Context
As the use of scenario-based tasks expanded, the portfolio grew rapidly in size and complexity across multiple administrations. At the same time, requirements, blueprints, and program priorities continued to evolve.
Planning and delivery were happening in parallel, creating challenges in coordination, alignment, and execution across teams.
Role & Scope
I stepped into a portfolio-level role, supporting delivery of 60+ scenario-based tasks and configurable math component applications across multiple administrations.

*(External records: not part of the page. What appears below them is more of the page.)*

lemma arcs_redirect_subset:
  "arcs \<I> (redirect \<I> x j i) \<subseteq> (insert (i, j) (arcs \<I> x - {(j, i)}))\<^sup>+"
proof
  let ?r = "arcs \<I> x - {(j, i)}"
  fix p assume "p \<in> arcs \<I> (redirect \<I> x j i)"
  then obtain H b where p: "p = (redirect \<I> x j i H, b)" and H: "H \<in> \<I>" "b \<in> H"
    and b: "b \<noteq> redirect \<I> x j i H"
    unfolding arcs_def by blast
  show "p \<in> (insert (i, j) ?r)\<^sup>+"
  proof (cases "x H = j \<and> i \<in> H")
    case True
    then have p_i: "p = (i, b)" using p H unfolding redirect_def by simp
    show ?thesis
    proof (cases "b = j")
      case False
      then have "(j, b) \<in> ?r"
        using True H b p_i p unfolding arcs_def by force
      then show ?thesis
        unfolding p_i by (meson insertI1 insertI2 r_into_trancl trancl_into_trancl2)
    qed (simp add: p_i r_into_trancl)
  next
    case False
    then have "p = (x H, b)" "(x H, b) \<in> ?r"
      using p H b unfolding redirect_def arcs_def by auto
    then show ?thesis by auto
  qed
qed

text \<open>For m < j this is Or_pi for pi = 1 ... (m-1) j m ... (j-1) (j+1) ... n.\<close>

definition lift_orientation :: "nat set set \<Rightarrow> nat \<Rightarrow> nat \<Rightarrow> nat set \<Rightarrow> nat" where
  "lift_orientation \<I> m j =
     (\<lambda>H. if H \<in> \<I> then (if j \<in> H \<and> m \<le> Min H then j else Min H) else 0)"

locale interval_hg =
  fixes n :: nat and \<I> :: "nat set set"
  assumes interval_hypergraph: "interval_hypergraph n \<I>"
begin

lemma hyperedge_Min_Max:
  assumes "H \<in> \<I>"
  shows "H = {Min H..Max H}" "1 \<le> Min H" "Min H \<le> Max H" "Max H \<le> n"
proof -
  obtain a b where ab: "1 \<le> a" "a \<le> b" "b \<le> n" "H = {a..b}"
    using interval_hypergraph assms unfolding interval_hypergraph_def by blast
  then have "Min H = a" "Max H = b" by (auto intro!: Min_eqI Max_eqI)
  with ab show "H = {Min H..Max H}" "1 \<le> Min H" "Min H \<le> Max H" "Max H \<le> n" by simp_all
qed

lemma mem_hyperedge_iff: "H \<in> \<I> \<Longrightarrow> c \<in> H \<longleftrightarrow> Min H \<le> c \<and> c \<le> Max H"
  by (metis hyperedge_Min_Max(1) atLeastAtMost_iff)

lemma Min_in_hyperedge: "H \<in> \<I> \<Longrightarrow> Min H \<in> H"
  using mem_hyperedge_iff hyperedge_Min_Max(3) by blast

lemma Min_hyperedge_le: "H \<in> \<I> \<Longrightarrow> c \<in> H \<Longrightarrow> Min H \<le> c"
  using mem_hyperedge_iff by blast

lemma hyperedge_range: "H \<in> \<I> \<Longrightarrow> c \<in> H \<Longrightarrow> 1 \<le> c \<and> c \<le> n"
  using mem_hyperedge_iff hyperedge_Min_Max(2,4) by (meson order.trans)

lemma hyperedge_convex: "H \<in> \<I> \<Longrightarrow> a \<in> H \<Longrightarrow> b \<in> H \<Longrightarrow> a \<le> c \<Longrightarrow> c \<le> b \<Longrightarrow> c \<in> H"
  using mem_hyperedge_iff by (meson order.trans)

lemma hyperedge_below_if_Min_below:
  assumes "H \<in> \<I>" "j \<notin> H" "Min H < j" "c \<in> H"
  shows "c < j"
  using assms mem_hyperedge_iff[OF assms(1)] by (meson le_less_trans less_imp_le not_le)

lemma finite_hypergraph: "finite \<I>"
proof (rule finite_subset)
  show "\<I> \<subseteq> Pow {1..n}" using hyperedge_range by auto
qed simp

lemma finite_arcs:
  assumes "x \<in> orientations \<I>"
  shows "finite (arcs \<I> x)"
proof (rule finite_subset)
  show "arcs \<I> x \<subseteq> {1..n} \<times> {1..n}"
    using assms hyperedge_range unfolding arcs_def orientations_def by fastforce
qed simp

text \<open>A path of arcs cannot jump over j: an arc from above j to below it lies in a
  hyperedge, which then also contains j.\<close>

lemma arcs_path_passes:
  assumes x: "x \<in> orientations \<I>" and path: "(w, v) \<in> (arcs \<I> x)\<^sup>*" and "j < w"
  shows "j < v \<or> (w, j) \<in> (arcs \<I> x)\<^sup>+"
  using path
proof (induction rule: rtrancl_induct)
  case (step u v)
  show ?case
  proof (cases "(w, j) \<in> (arcs \<I> x)\<^sup>+")
    case False
    with step.IH have "j < u" by simp
    obtain G where G: "G \<in> \<I>" "u = x G" "v \<in> G" "v \<noteq> x G"
      using step.hyps(2) unfolding arcs_def by blast
    have "u \<in> G" using orientation_in_hyperedge[OF x G(1)] G(2) by simp
    consider "j < v" | "v = j" | "v < j" by linarith
    then show ?thesis
    proof cases
      case 2
      with step.hyps show ?thesis by (simp add: rtrancl_into_trancl1)
    next
      case 3
      then have "j \<in> G" using hyperedge_convex[OF G(1,3) \<open>u \<in> G\<close>] \<open>j < u\<close> by simp
      then have "(u, j) \<in> arcs \<I> x" using G \<open>j < u\<close> unfolding arcs_def by fastforce
      with step.hyps(1) show ?thesis by (simp add: rtrancl_into_trancl1)
    qed simp
  qed simp
qed (use assms in simp)

text \<open>Such a path would start with an arc j -> w: minimality of i excludes w < j, and
  arcs_path_passes excludes w > j.\<close>

lemma no_path_avoiding_arc:
  assumes x: "x \<in> orientations \<I>" and acyc: "acyclic (arcs \<I> x)" and "i < j"
    and i_minimal: "\<And>w. w < j \<Longrightarrow> (j, w) \<in> arcs \<I> x \<Longrightarrow> (w, i) \<notin> (arcs \<I> x)\<^sup>+"
  shows "(j, i) \<notin> (arcs \<I> x - {(j, i)})\<^sup>+"
proof
  let ?r = "arcs \<I> x - {(j, i)}"
  have no_loop: "(v, v) \<notin> (arcs \<I> x)\<^sup>+" for v
    using acyc unfolding acyclic_def by blast
  assume "(j, i) \<in> ?r\<^sup>+"
  then obtain w where jw: "(j, w) \<in> ?r" and "(w, i) \<in> ?r\<^sup>*"
    by (blast dest: tranclD)
  moreover have "w \<noteq> i" using jw by blast
  ultimately have "(w, i) \<in> ?r\<^sup>+"
    by (simp add: rtrancl_eq_or_trancl)
  then have wi: "(w, i) \<in> (arcs \<I> x)\<^sup>+"
    by (rule trancl_mono) blast
  have "w \<noteq> j" using jw no_loop[of j] r_into_trancl[of j j] by blast
  moreover have "\<not> j < w"
  proof
    assume "j < w"
    then have "(w, j) \<in> (arcs \<I> x)\<^sup>+"
      using arcs_path_passes[OF x trancl_into_rtrancl[OF wi] \<open>j < w\<close>] \<open>i < j\<close> by simp
    moreover have "(j, w) \<in> arcs \<I> x" using jw by blast
    ultimately show False using no_loop by (blast intro: trancl_into_trancl2)
  qed
  ultimately have "w < j" by simp
  with jw wi show False using i_minimal by blast
qed

lemma acyclic_arcs_redirect:
  assumes x: "x \<in> orientations \<I>" and acyc: "acyclic (arcs \<I> x)" and "i < j"
    and i_minimal: "\<And>w. w < j \<Longrightarrow> (j, w) \<in> arcs \<I> x \<Longrightarrow> (w, i) \<notin> (arcs \<I> x)\<^sup>+"
  shows "acyclic (arcs \<I> (redirect \<I> x j i))"
proof -
  let ?r = "arcs \<I> x - {(j, i)}"
  have "(j, i) \<notin> ?r\<^sup>*"
    using no_path_avoiding_arc[OF assms] \<open>i < j\<close> by (simp add: rtrancl_eq_or_trancl)
  moreover have "acyclic ?r"
    using acyclic_subset[OF acyc Diff_subset] .
  ultimately have "acyclic (insert (i, j) ?r)"
    by simp
  then have "acyclic ((insert (i, j) ?r)\<^sup>+)"
    by (simp add: acyclic_def)
  then show ?thesis
    using arcs_redirect_subset by (rule acyclic_subset)
qed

Responsibilities included:
- acting as primary point of contact for SBT production
- recruiting, onboarding, and supporting a growing team
- managing intake, negotiation, and alignment of evolving requirements
- coordinating across federal clients and cross-contract stakeholders
- supporting delivery across engineering vendors, content teams, QA, and data teams
Approach
Rather than introducing rigid structure, I focused on stabilizing delivery while scaling both the portfolio and the team:
- Managed shifting requirements and program changes while maintaining forward progress
- Supported team growth by aligning roles, responsibilities, and workflows in an evolving environment
- Clarified scope and expectations across teams to reduce ambiguity during development
- Coordinated distributed teams across contracts, ensuring alignment despite differing constraints
- Maintained integrity of implementations, including interoperability, API alignment, and telemetry outputs
- Supported the team through rapid growth, helping scale capacity while maintaining delivery continuity
This work required balancing flexibility and control, enabling teams to adapt while still delivering consistent, production-ready outputs.
Results
- Delivered 75+ interactive applications at national scale across multiple administrations
- Scaled the production team from ~3 to 7.5 FTE, increasing capacity during a period of rapid growth
- Enabled teams to operate effectively under continuously evolving requirements
- Improved alignment across stakeholders, reducing delivery friction and rework
- Maintained consistency in system integration, scoring logic, and telemetry data across implementations
- Stabilized a complex, multi-team delivery environment during a period of rapid growth
Key Takeaway
Effective delivery at scale is not always about imposing structure and vision, it is also growing a functional team and creating enough alignment and clarity for cross-functional teams to move forward, even when the system itself is still evolving.